A few days ago, I turned on the TV to catch the day’s news. The story shaking the nation: “[MK Esterina] Tartman doesn’t have a master’s degree,” contrary to what was listed at her party’s website. Seven minutes were dedicated to the report. Seven seconds were dedicated to five rockets fired from Gaza at Sderot and Ashkelon.

Since the beginning of the ceasefire on November 26 three months ago, over 160 rockets were fired towards Sderot and the Western Negev. Since the Mecca Agreement, the average is 1.8 rocket attacks per day. Last Tuesday, Hamas “Foreign Minister” Khaled Mashaal visited Moscow and promised to cease the Kassam firing. Since then, seven rockets have been fired from the Gaza Strip towards Israel.

Bernard Lewis, a leading expert on Islam, says: “Our situation today is worse than it was in 1940… In 1940 we knew who our enemies were, and we knew who we were… Today, on the other hand, we don’t know who our enemies are, and who we are.”

The main headline of the Ma’ariv newspaper’s weekend edition, after last summer’s Lebanon war, read: “This war has no symbol.” The widespread feeling is that people don’t know who they’re fighting for, and for what reason. What solution can be given to the Russian Roulette reality, which includes the firing of over 6,000 rockets into Israel for the last six years? The country has accepted the fact that rockets are being fired at it, and has to decide what 900 million shekels ($220 million) should be invested in: Should Israel invest the money in protecting the houses of the 8,000 Western Negev residents, or should the money be invested in a anti short-range rocket system, which will take approximately two years to develop?

What other western democratic country in the world would have allowed a reality like ours to persist?
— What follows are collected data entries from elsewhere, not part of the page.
lemma infdist_translated_hyperplane_le:
  fixes a p e :: "'a::euclidean_space"
  assumes "norm e = 1" "a \<in> ball p r"
  shows "infdist a ((+) p ` {x. x \<bullet> e = 0} \<inter> ball p r) \<le> \<bar>(a - p) \<bullet> e\<bar>"
proof -
  define t where "t = (a - p) \<bullet> e"
  define w where "w = (a - p) - t *\<^sub>R e"
  have "w \<bullet> e = 0"
    using assms(1) by (simp add: w_def t_def inner_diff_left power2_norm_eq_inner[symmetric])
  then have "(norm (w + t *\<^sub>R e))\<^sup>2 = (norm w)\<^sup>2 + (norm (t *\<^sub>R e))\<^sup>2"
    by (intro norm_add_Pythagorean) (simp add: orthogonal_def)
  then have "(norm w)\<^sup>2 \<le> (norm (a - p))\<^sup>2"
    by (simp add: w_def)
  then have "norm w \<le> norm (a - p)"
    by (rule power2_le_imp_le) simp
  then have "p + w \<in> (+) p ` {x. x \<bullet> e = 0} \<inter> ball p r"
    using \<open>w \<bullet> e = 0\<close> assms(2) by (auto simp: dist_norm norm_minus_commute)
  then have "infdist a ((+) p ` {x. x \<bullet> e = 0} \<inter> ball p r) \<le> dist a (p + w)"
    by (rule infdist_le)
  also have "\<dots> = \<bar>t\<bar>"
    using assms(1) by (simp add: dist_norm w_def algebra_simps)
  finally show ?thesis by (simp add: t_def)
qed

locale normalized_weakly_qs =
  fixes U :: "'a::euclidean_space set" and f :: "'a \<Rightarrow> 'a" and e :: 'a and \<epsilon> :: real
  assumes norm_e: "norm e = 1"
    and cball_subset: "cball 0 1 \<subseteq> U"
    and embedding: "embedding_on U f"
    and weakly_qs: "weakly_qs (1 + \<epsilon>) U f"
    and eps_nonneg: "0 \<le> \<epsilon>" and eps_le: "\<epsilon> \<le> 1/20"
    and f_e: "f e = e" and f_minus_e: "f (- e) = - e"
begin

abbreviation e_perp :: "'a set" where "e_perp \<equiv> {x. x \<bullet> e = 0}"
(* Let $n_1,\dots,n_k$ be nonnegative integers. Then $\mathcal{L}^{(t)}_H\big(\prod_{i=1}^k H^{(t)}_{n_i}(x)\big)$ equals the number of inhomogeneous coverings of $[n_1]\sqcup\dots\sqcup[n_k]$ by $t$-paths, i.e. the number of ways to partition the set $[n_1]\sqcup\dots\sqcup[n_k]$ into blocks of size $t+1$, none contained in a single $[n_i]$, and to choose for each block one of the $(t+1)!/2$ (undirected) Hamiltonian paths on that block.
   Context: Fix an integer $t\ge1$. A $t$-path in $K_n$ is a subgraph isomorphic to a path with $t$ edges. $H^{(t)}_n(x)=\sum_F(-1)^{|F|}x^{\,n-(t+1)|F|}$ over all families $F$ of pairwise vertex-disjoint $t$-paths in $K_n$ ($H^{(t)}_0=1$). Let $\mu^{(t)}_n$ be the number of coverings of all vertices of $K_n$ by pairwise vertex-disjoint $t$-paths ($\mu^{(t)}_0=1$; $\mu^{(t)}_n=0$ if $t+1\nmid n$), and let $\mathcal{L}^{(t)}_H$ be the linear functional with $\mathcal{L}^{(t)}_H(x^n)=\mu^{(t)}_n$. *)

theory Defs
  imports "HOL-Computational_Algebra.Polynomial"
begin

text \<open>A path given by a list of distinct vertices, represented by its edge set
  (edges are 2-element sets).\<close>
definition path_edges :: "'a list \<Rightarrow> 'a set set" where
  "path_edges xs = {{xs ! i, xs ! Suc i} | i. Suc i < length xs}"

definition tpaths :: "nat \<Rightarrow> 'a set \<Rightarrow> 'a set set set" where
  "tpaths t V = {path_edges xs | xs. distinct xs \<and> length xs = Suc t \<and> set xs \<subseteq> V}"

text \<open>Vertex set of a path (union of its edges; correct for t >= 1).\<close>
definition pverts :: "'a set set \<Rightarrow> 'a set" where
  "pverts P = \<Union>P"

definition path_families :: "nat \<Rightarrow> 'a set \<Rightarrow> 'a set set set set" where
  "path_families t V = {F. F \<subseteq> tpaths t V \<and>
      (\<forall>P\<in>F. \<forall>Q\<in>F. P \<noteq> Q \<longrightarrow> pverts P \<inter> pverts Q = {})}"

definition path_coverings :: "nat \<Rightarrow> 'a set \<Rightarrow> 'a set set set set" where
  "path_coverings t V = {F \<in> path_families t V. (\<Union>P\<in>F. pverts P) = V}"

definition Hpoly :: "nat \<Rightarrow> nat \<Rightarrow> int poly" where
  "Hpoly t n = (\<Sum>F\<in>path_families t {..<n}. monom ((-1) ^ card F) (n - Suc t * card F))"

definition mu :: "nat \<Rightarrow> nat \<Rightarrow> nat" where
  "mu t n = card (path_coverings t {..<n})"

definition LH :: "nat \<Rightarrow> int poly \<Rightarrow> int" where
  "LH t p = (\<Sum>i\<le>degree p. coeff p i * int (mu t i))"

text \<open>The disjoint union [n_1] \<sqcup> ... \<sqcup> [n_k], with ns = [n_1,...,n_k];
  element j of the i-th block (0-based) is (i, j).\<close>
definition disj_union :: "nat list \<Rightarrow> (nat \<times> nat) set" where
  "disj_union ns = {(i, j). i < length ns \<and> j < ns ! i}"

definition inhom_coverings :: "nat \<Rightarrow> nat list \<Rightarrow> (nat \<times> nat) set set set set" where
  "inhom_coverings t ns = {F \<in> path_coverings t (disj_union ns).
      \<forall>P\<in>F. \<not> (\<exists>i. pverts P \<subseteq> {i} \<times> UNIV)}"

end

theory Submission
  imports Defs
begin

(* Write D for the disjoint union of the blocks [n_1], ..., [n_k] and call a t-path
   homogeneous if its vertices lie in a single block.
   (1) Expanding the product, prod_i H_{n_i}(x) is the sum, over all families F of disjoint
       homogeneous t-paths on D, of the weight (-1)^|F| x^(|D| - (t+1)|F|): a homogeneous family
       on D is the same as a choice of one family inside every block.
   (2) Applying the functional, x^m becomes mu_m, which is the number of path coverings of any
       m-element set, in particular of D minus the vertices of F.
   (3) Pairs (F, G) with G a covering of the rest of D correspond to pairs (C, F) with C a
       covering of D and F a set of homogeneous paths of C.  Summing (-1)^|F| over all such F
       gives 1 if C has no homogeneous path and 0 otherwise (inclusion-exclusion). *)

lemma pverts_path_edges_subset: "pverts (path_edges xs) \<subseteq> set xs"
  unfolding pverts_def path_edges_def by auto

lemma pverts_path_edges:
  assumes "2 \<le> length xs"
  shows "pverts (path_edges xs) = set xs"
proof
  show "set xs \<subseteq> pverts (path_edges xs)"
  proof
    fix x assume "x \<in> set xs"
    then obtain j where j: "j < length xs" "x = xs ! j" by (auto simp: in_set_conv_nth)
    show "x \<in> pverts (path_edges xs)"
    proof (cases "Suc j < length xs")
      case True
      then show ?thesis unfolding pverts_def path_edges_def using j by auto
    next
      case False
      then have "j = Suc (j - 1)" using j assms by auto
      then show ?thesis unfolding pverts_def path_edges_def using j
        by (auto intro!: exI[of _ "{xs ! (j - 1), xs ! j}"])
    qed
  qed
qed (rule pverts_path_edges_subset)

lemma tpaths_pverts_subset:
  assumes "P \<in> tpaths t V"
  shows "pverts P \<subseteq> V"
proof -
  obtain xs where "P = path_edges xs" "set xs \<subseteq> V"
    using assms unfolding tpaths_def by blast
  then show ?thesis using pverts_path_edges_subset[of xs] by simp
qed

lemma tpaths_mono: "V \<subseteq> W \<Longrightarrow> tpaths t V \<subseteq> tpaths t W"
  unfolding tpaths_def by auto

lemma tpath_represented:
  assumes "1 \<le> t" "P \<in> tpaths t V"
  obtains xs where "P = path_edges xs" "distinct xs" "length xs = Suc t" "pverts P = set xs"
proof -
  obtain xs where "P = path_edges xs" "distinct xs" "length xs = Suc t"
    using assms(2) unfolding tpaths_def by blast
  moreover have "pverts P = set xs" using calculation assms(1) by (simp add: pverts_path_edges)
  ultimately show thesis using that by blast
qed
On February 7, the Sderot Parents Association went to the Supreme Court and demanded the protection of all classrooms, in all 24 educational institutions in the town. The country, for its part, agrees to protect only the first to third grades, claiming that the other classes can settle for protected areas outside, and which children can get to on their own.

Is there a parent that can imagine the feeling of sending an 8-year-old boy to study in an unprotected classroom, while an average of 1.8 rockets are fired daily from Gaza towards Sderot and the Western Negev, even during days of “ceasefire”? And on standard days, when approximately 3.2 rockets are fired? No one can expect an 8-year-old boy to run through the school corridors along with 70 other children and reach the safe areas outside in less than 15 seconds, after hearing the tzeva adom (color red) alarm. What should one tell an 8-year-old boy who wants to go back to third grade because the classroom there is protected?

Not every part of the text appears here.